> AIM OF THE EXERCISE
Show every line of the data where the word "subseteq" can be found.

START PROVIDED RECORDS

(*
  Notation: s_{k,i} denotes Res_x((1+x)^k x^i sum_{j<=N} z^j x^{-j-1}), i.e. resx N k i,
  whose coefficient of z^n is (k choose n-i) for i <= n <= N.

  1. Two consequences of Vandermonde's identity for generalized binomial coefficients:
     an alternating convolution and the splitting of (P+d choose s) for a natural d.
  2. phi is linear on finitely supported coefficient functions; its value may be computed
     over any finite superset of the support.
  3. Residue formula: expanding s_{k,i} in monomials, applying phi termwise and collapsing
     the double sum with the alternating convolution gives
     phi(s_{k,i}) = (-1)^(i+1) s_{gamma-k-i,i}.
  4. Involution: taking k = gamma - i in (3) shows phi(phi(z^i)) = s_{0,i} = z^i for i <= N,
     while z^i is fixed for i > N; linearity gives phi o phi = id on Laurent polynomials.
  5. O(N,Q,q) is the span of the z^i (i > N) and s_{Q,q+j} (j <= 0). By (3) and the
     splitting identity, phi maps each generator into O(N,gamma-Q-q,q); since the parameter
     map Q |-> gamma-Q-q is an involution and phi is one too, the images are equal.
*)

subsection \<open>Binomial identities\<close>

text \<open>Alternating Chu--Vandermonde convolution:
  sum_l (-1)^l (k choose l) (a-l choose s-l) = (a-k choose s).
  It collapses the double sum arising from applying phi to s_{k,i}.\<close>
lemma gbinomial_alternating_convolution:
  fixes a k :: "'a :: field_char_0"
  shows "(\<Sum>l\<in>{0..s}. (-1)^l * (k gchoose l) * ((a - of_nat l) gchoose (s - l)))
         = (a - k) gchoose s"
proof -
  have "(\<Sum>l\<in>{0..s}. (-1)^l * (k gchoose l) * ((a - of_nat l) gchoose (s - l)))
      = (\<Sum>l\<in>{0..s}. (-1)^s * ((k gchoose l) * ((of_nat s - a - 1) gchoose (s - l))))"
  proof (rule sum.cong[OF refl])
    fix l assume l: "l \<in> {0..s}"
    have upper: "of_nat (s - l) - (a - of_nat l) - 1 = (of_nat s - a - 1 :: 'a)"
      using l by (simp add: of_nat_diff)
    have sign: "(-1::'a)^l * (-1)^(s-l) = (-1)^s"
      using l by (simp add: power_add[symmetric])
    show "(-1)^l * (k gchoose l) * ((a - of_nat l) gchoose (s - l))
        = (-1)^s * ((k gchoose l) * ((of_nat s - a - 1) gchoose (s - l)))"
      using sign upper
      by (subst gbinomial_negated_upper[of "a - of_nat l"]) (simp add: algebra_simps)
  qed
  also have "\<dots> = (-1)^s * ((k + (of_nat s - a - 1)) gchoose s)"
    by (simp add: sum_distrib_left[symmetric] gbinomial_Vandermonde)
  also have "\<dots> = (a - k) gchoose s"
    by (subst gbinomial_negated_upper[of "a - k"]) (simp add: algebra_simps)
  finally show ?thesis .
qed

text \<open>Splitting off a natural shift: (P+d choose s) = sum_{m<=d} (d choose m)(P choose s-m),
  with terms m > s vanishing. It expresses s_{P+d,i} through s_{P,i+m}.\<close>
lemma gbinomial_add_nat:
  fixes P :: "'a :: field_char_0"
  shows "(\<Sum>m\<in>{0..d}. (of_nat d gchoose m) * (if m \<le> s then P gchoose (s - m) else 0))
         = (P + of_nat d) gchoose s"
proof -
  have "(\<Sum>m\<in>{0..d}. (of_nat d gchoose m) * (if m \<le> s then P gchoose (s - m) else 0))
     = (\<Sum>m\<in>{0..d+s}. (of_nat d gchoose m) * (if m \<le> s then P gchoose (s - m) else 0))"
    by (rule sum.mono_neutral_left) (auto simp: binomial_gbinomial[symmetric] binomial_eq_0)
  also have "\<dots> = (\<Sum>m\<in>{0..s}. (of_nat d gchoose m) * (P gchoose (s - m)))"
    by (rule sum.mono_neutral_cong_right) auto
  also have "\<dots> = (of_nat d + P) gchoose s" by (rule gbinomial_Vandermonde)
  finally show ?thesis by (simp add: add.commute)
qed

lemma supp_resx: "{n. resx N k i n \<noteq> 0} \<subseteq> {i..N}"
  by (auto simp: resx_def split: if_splits)

lemma laurent_resx: "laurent (resx N k i)"
  unfolding laurent_def by (rule finite_subset[OF supp_resx]) simp

lemma laurent_mono: "laurent (mono i)"
  unfolding laurent_def mono_def by (rule finite_subset[of _ "{i}"]) auto

lemma laurent_phi_mono: "laurent (phi_mono N \<gamma> i)"
proof (cases "i \<le> N")
  case True
  have "{n. phi_mono N \<gamma> i n \<noteq> 0} \<subseteq> {n. resx N (\<gamma> - of_int i) i n \<noteq> 0}"
    using True by (auto simp: phi_mono_def)
  then show ?thesis
    using laurent_resx unfolding laurent_def by (rule finite_subset)
next
  case False then show ?thesis by (simp add: phi_mono_def laurent_mono)
qed

lemma phi_over_superset:
  assumes "finite A" "{i. f i \<noteq> 0} \<subseteq> A"
  shows "phi N \<gamma> f = (\<lambda>n. \<Sum>i\<in>A. f i * phi_mono N \<gamma> i n)"
  unfolding phi_def
  by (rule ext, rule sum.mono_neutral_left) (use assms in auto)
lemma phi_coeffs_of_poly_vanishing_at_0_1:
  "\<exists>K\<ge>0. \<forall>r::real poly. degree r \<le> k \<and> poly r 0 = 0 \<and> poly r 1 = 0 \<longrightarrow>
    (\<exists>c. (\<forall>t\<in>{0..1}. poly r t = (\<Sum>\<nu>\<in>{1..k-1}. c \<nu> * phi k \<nu> t)) \<and>
         (\<Sum>\<nu>\<in>{1..k-1}. (c \<nu>)\<^sup>2) \<le> K * integral {0..1} (\<lambda>t. (poly r t)\<^sup>2))"
proof -
  have "continuous_on UNIV (phi k \<nu>)" for \<nu>
    unfolding phi_def by (intro continuous_intros)
  then obtain K where K: "K \<ge> 0" "stable_coeffs {1..k-1} (phi k) K"
    using ex_stable_coeffs[of "{1..k-1}" "phi k"] by blast
  show ?thesis
  proof (intro exI[of _ K] conjI allI impI)
    fix r :: "real poly" assume "degree r \<le> k \<and> poly r 0 = 0 \<and> poly r 1 = 0"
    then obtain a where ra: "poly r = (\<lambda>x. \<Sum>\<nu>\<in>{1..k-1}. a \<nu> * phi k \<nu> x)"
      using poly_vanishing_at_0_1_eq_phi_sum by blast
    obtain c where c1: "\<forall>x\<in>{0..1}. (\<Sum>\<nu>\<in>{1..k-1}. c \<nu> * phi k \<nu> x) = poly r x"
      and c2: "(\<Sum>\<nu>\<in>{1..k-1}. (c \<nu>)\<^sup>2) \<le> K * ip (poly r) (poly r)"
      using K(2) unfolding stable_coeffs_def ra by blast
    then show "\<exists>c. (\<forall>t\<in>{0..1}. poly r t = (\<Sum>\<nu>\<in>{1..k-1}. c \<nu> * phi k \<nu> t)) \<and>
         (\<Sum>\<nu>\<in>{1..k-1}. (c \<nu>)\<^sup>2) \<le> K * integral {0..1} (\<lambda>t. (poly r t)\<^sup>2)"
      by (intro exI[of _ c]) (simp add: ip_poly_self)
  qed (use K in simp)
qed

section \<open>Mesh cells, periodization and the basis functions\<close>

abbreviation cell :: "nat \<Rightarrow> nat \<Rightarrow> real set" where
  "cell N j \<equiv> {node N (int j - 1)..node N (int j)}"

lemma integral_rescale_01:
  fixes F :: "real \<Rightarrow> real"
  assumes "continuous_on UNIV F" "c > 0"
  shows "integral {a..a+c} F = c * integral {0..1} (\<lambda>t. F (a + c * t))"
proof -
  have "(F has_integral integral {a..a+c} F) {a..a+c}"
    using assms(2) by (intro integrable_integral integrable_continuous_interval continuous_on_subset[OF assms(1)]) auto
  then have "(F has_integral integral {a..a+c} F) (cbox a (a+c))" by (simp add: cbox_interval)
  from has_integral_affinity'[OF this assms(2), of a]
  have "((\<lambda>x. F (c * x + a)) has_integral (inverse c * integral {a..a+c} F)) {0..1}"
    using assms(2) by (simp add: cbox_interval)
  then have "integral {0..1} (\<lambda>t. F (a + c * t)) = inverse c * integral {a..a+c} F"
    by (simp add: integral_unique add.commute)
  then show ?thesis using assms(2) by simp
qed

lemma integral_reflect_01:
  fixes G :: "real \<Rightarrow> real"
  assumes "continuous_on UNIV G"
  shows "integral {0..1} (\<lambda>t. G (1 - t)) = integral {0..1} G"
proof -
  have "integral {-1..-0} (\<lambda>x. G (1 - (- x))) = integral {0..1} (\<lambda>t. G (1 - t))"
    using Henstock_Kurzweil_Integration.integral_reflect_real[of 1 0 "\<lambda>t. G (1 - t)"] by simp
  then have e1: "integral {0..1} (\<lambda>t. G (1 - t)) = integral {-1..0} (\<lambda>x. G (1 + x))" by simp
  have "(G has_integral integral {0..1} G) {0..1}"
    by (intro integrable_integral integrable_continuous_interval continuous_on_subset[OF assms(1)]) auto
  then have "(G has_integral integral {0..1} G) (cbox 0 1)" by (simp add: cbox_interval)
  from has_integral_affinity'[OF this, of 1 1]
  have "((\<lambda>x. G (x + 1)) has_integral integral {0..1} G) {-1..0}"
    by (simp add: cbox_interval)
  then have "integral {-1..0} (\<lambda>x. G (1 + x)) = integral {0..1} G"
    by (simp add: integral_unique add.commute)
  then show ?thesis using e1 by simp
qed

lemma integral_0_node_eq_sum_cells:
  fixes f :: "real \<Rightarrow> real"
  assumes "continuous_on UNIV f" "N \<ge> 1"
  shows "integral {0..node N (int n)} f = (\<Sum>j\<in>{1..n}. integral (cell N j) f)"
proof (induction n)
  case 0 then show ?case by (simp add: node_def)
next
  case (Suc n)
  have le: "node N (int n) \<le> node N (int (Suc n))" "0 \<le> node N (int n)"
    using assms(2) by (auto simp: node_def divide_right_mono)
  have "integral {0..node N (int n)} f + integral {node N (int n)..node N (int (Suc n))} f =
        integral {0..node N (int (Suc n))} f"
    using le by (intro Henstock_Kurzweil_Integration.integral_combine integrable_continuous_interval continuous_on_subset[OF assms(1)]) auto
  then show ?case using Suc by simp
qed

lemma integral_01_eq_sum_cells:
  fixes f :: "real \<Rightarrow> real"
  assumes "continuous_on UNIV f" "N \<ge> 1"
  shows "integral {0..1} f = (\<Sum>j\<in>{1..N}. integral (cell N j) f)"
  using integral_0_node_eq_sum_cells[OF assms, of N] assms(2) by (simp add: node_def)

definition periodize :: "(real \<Rightarrow> real) \<Rightarrow> real \<Rightarrow> real" where
  "periodize f x = infsum (\<lambda>n::int. f (x - of_int n)) UNIV"

definition vanishes_outside_0_2 :: "(real \<Rightarrow> real) \<Rightarrow> bool" where
  "vanishes_outside_0_2 f \<longleftrightarrow> (\<forall>t. t \<le> 0 \<or> t \<ge> 2 \<longrightarrow> f t = 0)"

lemma periodize_local_sum:
  assumes "vanishes_outside_0_2 f" "dist x x0 < 1"
  shows "periodize f x = (\<Sum>n\<in>{\<lfloor>x0\<rfloor> - 3..\<lfloor>x0\<rfloor> + 2}. f (x - of_int n))"
proof -
  have "periodize f x = infsum (\<lambda>n::int. f (x - of_int n)) {\<lfloor>x0\<rfloor> - 3..\<lfloor>x0\<rfloor> + 2}"
    unfolding periodize_def
  proof (rule infsum_cong_neutral)
    fix n :: int assume n: "n \<in> UNIV - {\<lfloor>x0\<rfloor> - 3..\<lfloor>x0\<rfloor> + 2}"
    have "x - of_int n \<le> 0 \<or> x - of_int n \<ge> 2"
    proof (cases "n < \<lfloor>x0\<rfloor> - 3")
      case True
      then have "of_int n \<le> of_int \<lfloor>x0\<rfloor> - (4::real)" by linarith
      then show ?thesis using assms(2) of_int_floor_le[of x0] unfolding dist_real_def by linarith
    next
      case False
      then have "n > \<lfloor>x0\<rfloor> + 2" using n by auto
      then have "of_int n \<ge> of_int \<lfloor>x0\<rfloor> + (3::real)" by linarith
      then show ?thesis using assms(2) real_of_int_floor_add_one_gt[of x0] unfolding dist_real_def by linarith
    qed
    then show "f (x - of_int n) = 0" using assms(1) unfolding vanishes_outside_0_2_def by blast
  qed auto
  then show ?thesis by simp
qed
text \<open>The
  displacement has to be a function of points; on the old path the height of a vertex is
  its index, which is how \<open>disp\<close> finds the lag.\<close>

locale block_doubling = staircase_dirs +
  fixes u :: "pt list" and d :: pt and s r :: nat
  assumes u_dirs: "set u \<subseteq> {a, b}" and d_dir: "d \<in> {a, b}" and r_le_1: "r \<le> 1"
begin

abbreviation old :: "nat \<Rightarrow> pt" where
  "old \<equiv> path_vertex (u @ replicate s d)"

abbreviation new :: "nat \<Rightarrow> pt" where
  "new \<equiv> path_vertex (u @ replicate (2 * s + r) d)"

abbreviation offset :: "nat \<Rightarrow> nat" where
  "offset \<equiv> lag (length u) s"

definition disp :: "pt \<Rightarrow> pt" where
  "disp x = scale_pt (offset (nat (height x))) d"

definition op_indices :: "nat set" where
  "op_indices = {length u..<length u + s} \<union> (if r = 1 then {length u + s} else {})"

lemma op_indices_bounds: "i \<in> op_indices \<Longrightarrow> length u \<le> i \<and> i \<le> length u + s"
  by (auto simp: op_indices_def split: if_splits)

lemma height_old: "k \<le> length u + s \<Longrightarrow> height (old k) = int k"
  using u_dirs d_dir by (intro height_path_vertex) auto

lemma old_eq_iff: "j \<le> length u + s \<Longrightarrow> k \<le> length u + s \<Longrightarrow> old j = old k \<longleftrightarrow> j = k"
  using u_dirs d_dir by (intro path_vertex_eq_iff) auto

lemma height_d: "height d = 1"
  using d_dir by (rule height_dir)

lemma disp_old: "k \<le> length u + s \<Longrightarrow> disp (old k) = scale_pt (offset k) d"
  by (simp add: disp_def height_old)

lemma old_Suc: "length u \<le> k \<Longrightarrow> k < length u + s \<Longrightarrow> old (Suc k) = old k + d"
  by (simp add: path_vertex_append_replicate Suc_diff_le scale_pt_Suc add.assoc)

lemma old_block_vertex:
  "j \<le> s \<Longrightarrow> old (length u + j) = path_vertex u (length u) + scale_pt j d"
  by (simp add: path_vertex_append_replicate)

lemma new_block_vertex:
  "j \<le> 2 * s + r \<Longrightarrow> new (length u + j) = path_vertex u (length u) + scale_pt j d"
  by (simp add: path_vertex_append_replicate)

lemma old_moves:
  assumes k: "k \<le> length u + s"
  shows "old k + disp (old k) = new (k + offset k)"
proof (cases "k \<le> length u")
  case True
  then show ?thesis
    using disp_old[OF k] by (simp add: lag_def path_vertex_append_replicate)
next
  case False
  then obtain j where j: "k = length u + j" "j \<le> s"
    using k by (metis le_add_diff_inverse nat_le_linear add_le_cancel_left)
  have "disp (old k) = scale_pt j d"
    using disp_old[OF k] j by (simp add: lag_def)
  moreover have "old k = path_vertex u (length u) + scale_pt j d"
    using j by (simp add: old_block_vertex)
  ultimately have "old k + disp (old k) = path_vertex u (length u) + scale_pt (j + j) d"
    by (simp add: scale_pt_add add.assoc)
  also have "\<dots> = new (k + offset k)"
    using j by (simp add: lag_def new_block_vertex[of "j + j", folded add.assoc])
  finally show ?thesis .
qed

lemma old_spawns:
  assumes i: "i \<in> op_indices"
  shows "old i + disp (old i) + d = new (Suc (i + offset i))"
proof -
  define j where "j = i - length u"
  have j: "i = length u + j" "j < s \<or> j = s \<and> r = 1"
    using i unfolding j_def op_indices_def by (auto split: if_splits)
  have "disp (old i) = scale_pt j d"
    using disp_old[of i] op_indices_bounds[OF i] j by (auto simp: lag_def)
  moreover have "old i = path_vertex u (length u) + scale_pt j d"
    using j by (auto simp: old_block_vertex)
  ultimately have "old i + disp (old i) + d = path_vertex u (length u) + scale_pt (Suc (j + j)) d"
    by (simp add: scale_pt_add scale_pt_Suc add.assoc)
  also have "\<dots> = new (length u + Suc (j + j))"
    using j r_le_1 by (intro new_block_vertex[symmetric]) auto
  also have "length u + Suc (j + j) = Suc (i + offset i)"
    using j by (auto simp: lag_def)
  finally show ?thesis .
qed

abbreviation old_shape :: shape where
  "old_shape \<equiv> path_shape (u @ replicate s d)"

abbreviation new_shape :: shape where
  "new_shape \<equiv> path_shape (u @ replicate (2 * s + r) d)"

abbreviation stretched :: "pt set" where
  "stretched \<equiv> old ` {length u..<length u + s}"

lemma fst_old_shape: "fst old_shape = old ` {..length u + s}"
  by (simp add: path_shape_def)

lemma snd_old_shape: "snd old_shape = (\<lambda>k. {old k, old (Suc k)}) ` {..<length u + s}"
  by (simp add: path_shape_def)

lemma old_in_stretched_iff: "k \<le> length u + s \<Longrightarrow> old k \<in> stretched \<longleftrightarrow> length u \<le> k \<and> k < length u + s"
  using old_eq_iff by force

lemma old_neq_old_Suc_plus:
  assumes "k < length u + s"
  shows "old k \<noteq> old (Suc k) + d"
proof
  assume "old k = old (Suc k) + d"
  then have "height (old k) = height (old (Suc k)) + height d"
    by (simp add: height_add)
  then show False
    using assms by (simp add: height_old height_d)
qed
lemma card_fg_neighbours_le:
  assumes arity: "\<And>a. a < length g \<Longrightarrow> length (snd (g ! a)) \<le> k"
    and degree: "\<And>v. var_degree g v \<le> D"
  shows "card (fg_neighbours g w) \<le> k + D"
proof (cases w)
  case (Inl v)
  have "card (fg_neighbours g w) \<le> var_degree g v"
    unfolding Inl fg_neighbours_Inl var_degree_def by (rule card_image_le) simp
  then show ?thesis using degree[of v] by linarith
next
  case (Inr a)
  show ?thesis
  proof (cases "a < length g")
    case True
    have "card (fg_neighbours g w) \<le> card (set (snd (g ! a)))"
      unfolding Inr fg_neighbours_Inr using True by (simp add: card_image_le)
    also have "\<dots> \<le> length (snd (g ! a))" by (rule card_length)
    finally show ?thesis using arity[OF True] by linarith
  qed (simp add: Inr fg_neighbours_Inr)
qed

lemma fg_sphere_0: "fg_sphere g x 0 = {Inl x}"
  by (auto simp: fg_sphere_def)

lemma fg_sphere_Suc: "fg_sphere g x (Suc j) = (\<Union>w\<in>fg_sphere g x j. fg_neighbours g w)"
  by (auto simp: fg_sphere_def fg_neighbours_def)

lemma finite_fg_sphere: "finite (fg_sphere g x j)"
  by (induction j) (auto simp: fg_sphere_0 fg_sphere_Suc finite_fg_neighbours)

END PROVIDED RECORDS

> RESULT FOR THIS EXERCISE
lemma supp_resx: "{n. resx N k i n \<noteq> 0} \<subseteq> {i..N}"
  have "{n. phi_mono N \<gamma> i n \<noteq> 0} \<subseteq> {n. resx N (\<gamma> - of_int i) i n \<noteq> 0}"
  assumes "finite A" "{i. f i \<noteq> 0} \<subseteq> A"
  assumes u_dirs: "set u \<subseteq> {a, b}" and d_dir: "d \<in> {a, b}" and r_le_1: "r \<le> 1"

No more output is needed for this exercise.